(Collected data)
lemma (in comm_group) inj_on_extend_integer_mod_group_power:
  assumes "prime p" "\<phi> \<in> hom (integer_mod_group_power p n) G"
    and "inj_on \<phi> (carrier (integer_mod_group_power p n))"
    and "y \<in> carrier G" "y [^] p = \<one>" "y \<notin> \<phi> ` carrier (integer_mod_group_power p n)"
  shows "inj_on (\<lambda>f. \<phi> (restrict f {..<n}) \<otimes> y [^] f n) (carrier (integer_mod_group_power p (Suc n)))"
proof (rule inj_onI)
  interpret \<phi>: group_hom "integer_mod_group_power p n" G \<phi>
    using assms(2) by (simp add: group_hom_def group_hom_axioms_def is_group)
  fix f g
  assume f: "f \<in> carrier (integer_mod_group_power p (Suc n))"
    and g: "g \<in> carrier (integer_mod_group_power p (Suc n))"
    and eq: "\<phi> (restrict f {..<n}) \<otimes> y [^] f n = \<phi> (restrict g {..<n}) \<otimes> y [^] g n"
  define a where "a = restrict f {..<n}"
  define b where "b = restrict g {..<n}"
  have ab: "a \<in> carrier (integer_mod_group_power p n)" "b \<in> carrier (integer_mod_group_power p n)"
    unfolding a_def b_def using f g by (simp_all only: restrict_in_carrier_integer_mod_group_power)
  have "y [^] (f n - g n) = inv (\<phi> a) \<otimes> \<phi> b"
    using int_pow_diff_eq_if_mult_eq[OF \<phi>.hom_closed[OF ab(1)] \<phi>.hom_closed[OF ab(2)] assms(4)] eq
    unfolding a_def b_def by blast
  also have "\<dots> = \<phi> (inv\<^bsub>integer_mod_group_power p n\<^esub> a \<otimes>\<^bsub>integer_mod_group_power p n\<^esub> b)"
    using ab by (metis \<phi>.hom_mult \<phi>.hom_inv \<phi>.G.inv_closed)
  finally have pow_in_image: "y [^] (f n - g n) \<in> \<phi> ` carrier (integer_mod_group_power p n)"
    using ab by (metis \<phi>.G.inv_closed \<phi>.G.m_closed image_eqI)
  have "carrier (integer_mod_group p) = {0..<int p}"
    using prime_gt_0_nat[OF assms(1)] by (simp add: carrier_integer_mod_group)
  then have "f n \<in> {0..<int p}" "g n \<in> {0..<int p}"
    using f g PiE_mem[of _ "{..<Suc n}" "\<lambda>_. carrier (integer_mod_group p)" n] by auto
  have "f n = g n"
    using eq_if_int_pow_diff_in_subgroup[OF assms(1) \<phi>.img_is_subgroup assms(4-6)]
      \<open>f n \<in> {0..<int p}\<close> \<open>g n \<in> {0..<int p}\<close> pow_in_image by blast
  then have "\<phi> a \<otimes> y [^] g n = \<phi> b \<otimes> y [^] g n"
    using eq unfolding a_def b_def by simp
  then have "\<phi> a = \<phi> b"
    using right_cancel[OF int_pow_closed[OF assms(4)] \<phi>.hom_closed[OF ab(1)] \<phi>.hom_closed[OF ab(2)]]
    by blast
  then have "a = b" using assms(3) ab by (simp add: inj_on_eq_iff)
  with \<open>f n = g n\<close> show "f = g"
    using integer_mod_group_power_Suc_eqI[OF f g] unfolding a_def b_def by blast
qed

theorem (in comm_group) iso_integer_mod_group_power:
  assumes "prime p" "finite (carrier G)" "card (carrier G) = p ^ r"
    and "\<And>x. x \<in> carrier G \<Longrightarrow> x [^] p = \<one>"
  shows "G \<cong> integer_mod_group_power p r"
proof -
  have embedding: "\<exists>\<phi>. \<phi> \<in> hom (integer_mod_group_power p n) G \<and>
      inj_on \<phi> (carrier (integer_mod_group_power p n))" if "n \<le> r" for n
    using that
  proof (induction n)
    case 0
    have "(\<lambda>_. \<one>) \<in> hom (integer_mod_group_power p 0) G" by (auto simp: hom_def)
    moreover have "inj_on (\<lambda>_. \<one>) (carrier (integer_mod_group_power p 0))" by (simp add: inj_on_def)
    ultimately show ?case by blast
  next
    case (Suc n)
    then obtain \<phi> where \<phi>: "\<phi> \<in> hom (integer_mod_group_power p n) G"
      "inj_on \<phi> (carrier (integer_mod_group_power p n))" by auto
    have "card (\<phi> ` carrier (integer_mod_group_power p n)) = p ^ n"
      using card_image[OF \<phi>(2)] card_carrier_integer_mod_group_power prime_gt_0_nat[OF assms(1)]
      by simp
    also have "\<dots> < card (carrier G)"
      using Suc.prems prime_gt_1_nat[OF assms(1)] assms(3) by (simp add: power_strict_increasing)
    finally obtain y where "y \<in> carrier G" "y \<notin> \<phi> ` carrier (integer_mod_group_power p n)"
      using hom_carrier[OF \<phi>(1)] by (metis less_irrefl subsetI subset_antisym)
    then show ?case
      using hom_extend_integer_mod_group_power[OF \<phi>(1)]
        inj_on_extend_integer_mod_group_power[OF assms(1) \<phi>] assms(4) by blast
  qed
  then obtain \<phi> where \<phi>: "\<phi> \<in> hom (integer_mod_group_power p r) G"
    "inj_on \<phi> (carrier (integer_mod_group_power p r))" by blast
  have "card (\<phi> ` carrier (integer_mod_group_power p r)) = card (carrier G)"
    using card_image[OF \<phi>(2)] card_carrier_integer_mod_group_power prime_gt_0_nat[OF assms(1)] assms(3)
    by simp
  then have "\<phi> ` carrier (integer_mod_group_power p r) = carrier G"
    using hom_carrier[OF \<phi>(1)] assms(2) by (simp add: card_subset_eq)
  then have "integer_mod_group_power p r \<cong> G"
    using \<phi> by (auto simp: is_iso_def iso_def bij_betw_def)
  then show ?thesis
    by (simp add: group.iso_sym)
qed
(* Let $1\le p<\infty$. Every lattice homomorphism on $\ell^p$ (with the coordinatewise order) has a non-trivial closed invariant subspace which is an ideal.
   Context: On $\ell^p$, $x\ge0$ means all coordinates are real and nonnegative, and lattice operations are coordinatewise. A lattice homomorphism is a bounded positive operator $T$ with $T(x\vee y)=Tx\vee Ty$. An ideal is a linear subspace $M$ such that $|x|\le|y|$ coordinatewise and $y\in M$ imply $x\in M$. Non-trivial means different from $\{0\}$ and $\ell^p$. *)

theory Defs
  imports "HOL-Analysis.Analysis"
begin

definition lp :: "real \<Rightarrow> (nat \<Rightarrow> real) set" where
  "lp p = {x. summable (\<lambda>n. \<bar>x n\<bar> powr p)}"

definition lp_norm :: "real \<Rightarrow> (nat \<Rightarrow> real) \<Rightarrow> real" where
  "lp_norm p x = (\<Sum>n. \<bar>x n\<bar> powr p) powr (1 / p)"

text \<open>Bounded linear operator on l^p (only its values on l^p matter).\<close>
definition lp_bounded_linear :: "real \<Rightarrow> ((nat \<Rightarrow> real) \<Rightarrow> (nat \<Rightarrow> real)) \<Rightarrow> bool" where
  "lp_bounded_linear p T \<longleftrightarrow>
     (\<forall>x\<in>lp p. T x \<in> lp p) \<and>
     (\<forall>x\<in>lp p. \<forall>y\<in>lp p. \<forall>a b::real.
        T (\<lambda>n. a * x n + b * y n) = (\<lambda>n. a * T x n + b * T y n)) \<and>
     (\<exists>C. \<forall>x\<in>lp p. lp_norm p (T x) \<le> C * lp_norm p x)"

definition lp_positive :: "real \<Rightarrow> ((nat \<Rightarrow> real) \<Rightarrow> (nat \<Rightarrow> real)) \<Rightarrow> bool" where
  "lp_positive p T \<longleftrightarrow> (\<forall>x\<in>lp p. (\<forall>n. 0 \<le> x n) \<longrightarrow> (\<forall>n. 0 \<le> T x n))"
lemma weighted_mass_injective:
  assumes B: "finite B" "fd_span B = V0" "fd_independent B" and s: "s \<in> I"
    and "(\<Sum>j\<in>B. \<bar>\<Sum>i\<in>B. \<kappa> i * weighted_mass i j s\<bar>) = 0"
  shows "\<forall>i\<in>B. \<kappa> i = 0"
proof -
  define \<rho> where "\<rho> x = (\<Sum>i\<in>B. \<kappa> i * i x)" for x
  have \<rho>: "\<rho> \<in> V0" unfolding B(2)[symmetric] \<rho>_def by (rule fd_spanI[where c = \<kappa>]) simp
  have B_bdd: "\<And>i. i \<in> B \<Longrightarrow> bdd_meas M i" using B(1,2) fd_span_superset V0_bdd by blast
  have D_bdd: "bdd_meas M (D s)" using D_V2 s V2_bdd by blast
  have "(\<Sum>i\<in>B. \<kappa> i * weighted_mass i j s) = 0" if "j \<in> B" for j
    using assms(5) B(1) that by (simp add: sum_nonneg_eq_0_iff)
  moreover have "(\<Sum>i\<in>B. \<kappa> i * weighted_mass i j s) = (LINT x|M. j x * (\<rho> x * D s x))" if "j \<in> B" for j
    using integral_lincomb_mult[OF B(1) B_bdd bdd_meas_mult[OF B_bdd[OF that] D_bdd], of \<kappa>]
    unfolding weighted_mass_def \<rho>_def by (simp add: mult_ac)
  ultimately have "(LINT x|M. \<rho> x * \<rho> x * D s x) = 0"
    using integral_lincomb_mult[OF B(1) B_bdd bdd_meas_mult[OF V0_bdd[OF \<rho>] D_bdd], of \<kappa>]
    unfolding \<rho>_def by (simp add: mult.assoc)
  then have "\<rho> x = 0" for x by (rule V0_eq_0_if_weighted_square_eq_0[OF s \<rho>])
  then have "(\<lambda>x. \<Sum>i\<in>B. \<kappa> i *\<^sub>R i x) = (\<lambda>x. 0)" unfolding \<rho>_def by simp
  then show ?thesis using B(3) unfolding fd_independent_def by simp
qed

definition anomaly_energy :: "('p \<Rightarrow> real) set \<Rightarrow> real \<Rightarrow> real" where
  "anomaly_energy B s = (\<Sum>j\<in>B. (anomaly_moment j s)\<^sup>2)"

lemma anomaly_energy_deriv:
  assumes "B \<subseteq> V0" "t \<in> I"
  shows "(anomaly_energy B has_real_derivative (\<Sum>j\<in>B. 2 * anomaly_moment j t * anomaly_flux j t)) (at t within I)"
  unfolding anomaly_energy_def
  using assms by (intro DERIV_sum derivative_eq_intros) (auto simp: mult_ac intro!: anomaly_moment_deriv)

> EXERCISE DIRECTIONS: Every line above that contains "shows" counts once. Give the number of those lines and nothing more.

> TASK ANSWER: 4